The company declared FM on April 8 due to a technical incident, while before that Borealis had had lowered its steam cracker operating rates as a result of the recent slump in oil prices and the coronavirus lockdowns in Europe.

"Our steam crackers are ...operating at reduced rates due to the COVID-19 impact as overall demand is lower," Borealis said in early April, without giving further details.

Borealis' cracker in Stenungsund can produce 625,000 mt a year of ethylene. The company's other cracker in Porvoo, Finland, can produce 400,000 mt/year of ethylene. Both crackers are able to process a mix of feedstocks including liquids, LPG and ethane.

As MRC informed earlier, in early October 2019,, Austrian polyolefin supplier Borealis AG lifted a force majeure declared in the previous months at its production site in Kallo. On 2 Sep, 2019, the company declared force majeure on refinery grade propylene and propane from its production site in Kallo, Belgium, as a consequence of “unforeseen technical issues."

Ethylene and propylene are feedstocks for producing polyethylene (PE) and polypropylene (PP).

According to MRC's ScanPlast report, Russia's estimated PE consumption totalled 383,760 tonnes in the first two month of 2020, up by 14% year on year. High density polyethylene (HDPE) and linear low density polyethylene (LLDPE) shipments increased due to the increased capacity utilisation at ZapSibNeftekhim. At the same time, PP shipments to the Russian market were 192,760 tonnes in January-February 2020, down by 6% year on year. Homopolymer PP accounted for the main decrease in imports.
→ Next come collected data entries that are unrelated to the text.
(* Let $1\le p<\infty$, $X=\ell_p(\mathbb Z_+)$, and let $\mathbf u,\mathbf v$ be bounded sequences of non-zero scalars with $\inf_{n\ge1}|u_n|>0$ and $\inf_{n\ge1}|v_n|>0$. If the weighted backward shifts $B_{\mathbf u}$ and $B_{\mathbf v}$ are not similar, then they are orthogonal.
   Context: $(e_n)_{n\ge0}$ is the canonical basis of $\ell_p(\mathbb Z_+)$ (real or complex); $B_{\mathbf w}e_0=0$, $B_{\mathbf w}e_n=w_ne_{n-1}$. Operators $T_1,T_2$ are similar if $T_1=JT_2J^{-1}$ for some invertible bounded operator $J$ on $X$. They are orthogonal if any $T_1$-invariant and $T_2$-invariant Borel probability measures $m_1,m_2$ with $m_1(\{0\})=0=m_2(\{0\})$ are mutually singular. *)

theory Defs
  imports "HOL-Probability.Probability"
begin

definition lp :: "real \<Rightarrow> (nat \<Rightarrow> 'a::real_normed_field) set" where
  "lp p = {x. summable (\<lambda>n. norm (x n) powr p)}"

definition lp_norm :: "real \<Rightarrow> (nat \<Rightarrow> 'a::real_normed_field) \<Rightarrow> real" where
  "lp_norm p x = (\<Sum>n. norm (x n) powr p) powr (1 / p)"

definition lp_open :: "real \<Rightarrow> (nat \<Rightarrow> 'a::real_normed_field) set \<Rightarrow> bool" where
  "lp_open p U \<longleftrightarrow> U \<subseteq> lp p \<and>
     (\<forall>x\<in>U. \<exists>e>0. \<forall>y\<in>lp p. lp_norm p (\<lambda>n. y n - x n) < e \<longrightarrow> y \<in> U)"

definition lp_borel :: "real \<Rightarrow> (nat \<Rightarrow> 'a::real_normed_field) measure" where
  "lp_borel p = sigma (lp p) {U. lp_open p U}"

definition bounded_op :: "real \<Rightarrow> ((nat \<Rightarrow> 'a::real_normed_field) \<Rightarrow> (nat \<Rightarrow> 'a)) \<Rightarrow> bool" where
  "bounded_op p T \<longleftrightarrow> (\<forall>x\<in>lp p. T x \<in> lp p) \<and>
     (\<forall>x\<in>lp p. \<forall>y\<in>lp p. \<forall>a b. T (\<lambda>n. a * x n + b * y n) = (\<lambda>n. a * T x n + b * T y n)) \<and>
     (\<exists>C. \<forall>x\<in>lp p. lp_norm p (T x) \<le> C * lp_norm p x)"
Borealis is a leading provider of innovative solutions in the fields of polyolefins, base chemicals and fertilizers. With headquarters in Vienna, Austria, Borealis currently employs around 6,500 and operates in over 120 countries.
MRC

Eni cuts output target, slashes 2020 capex 30% over COVID-19

MOSCOW (MRC) -- Italy's Eni on Friday lowered its production guidance for 2020 and announced at least a 30% cut in planned capex for 2020 and 2021, in response to the collapse in oil prices and the economic impact of the coronavirus pandemic, reported S&P Global.

The Rome-based major said it expects oil and production to average between 1.75 million–1.80 million b/d of oil equivalent in 2020, down from initial forecasts of around 1.9 million boe/d for the year.
Eni said it will also cut Eur2.3 billion from 2020 capex, 30% lower than the initial targets, and anticipates further reductions of 30%-35% lower than original plans in 2021.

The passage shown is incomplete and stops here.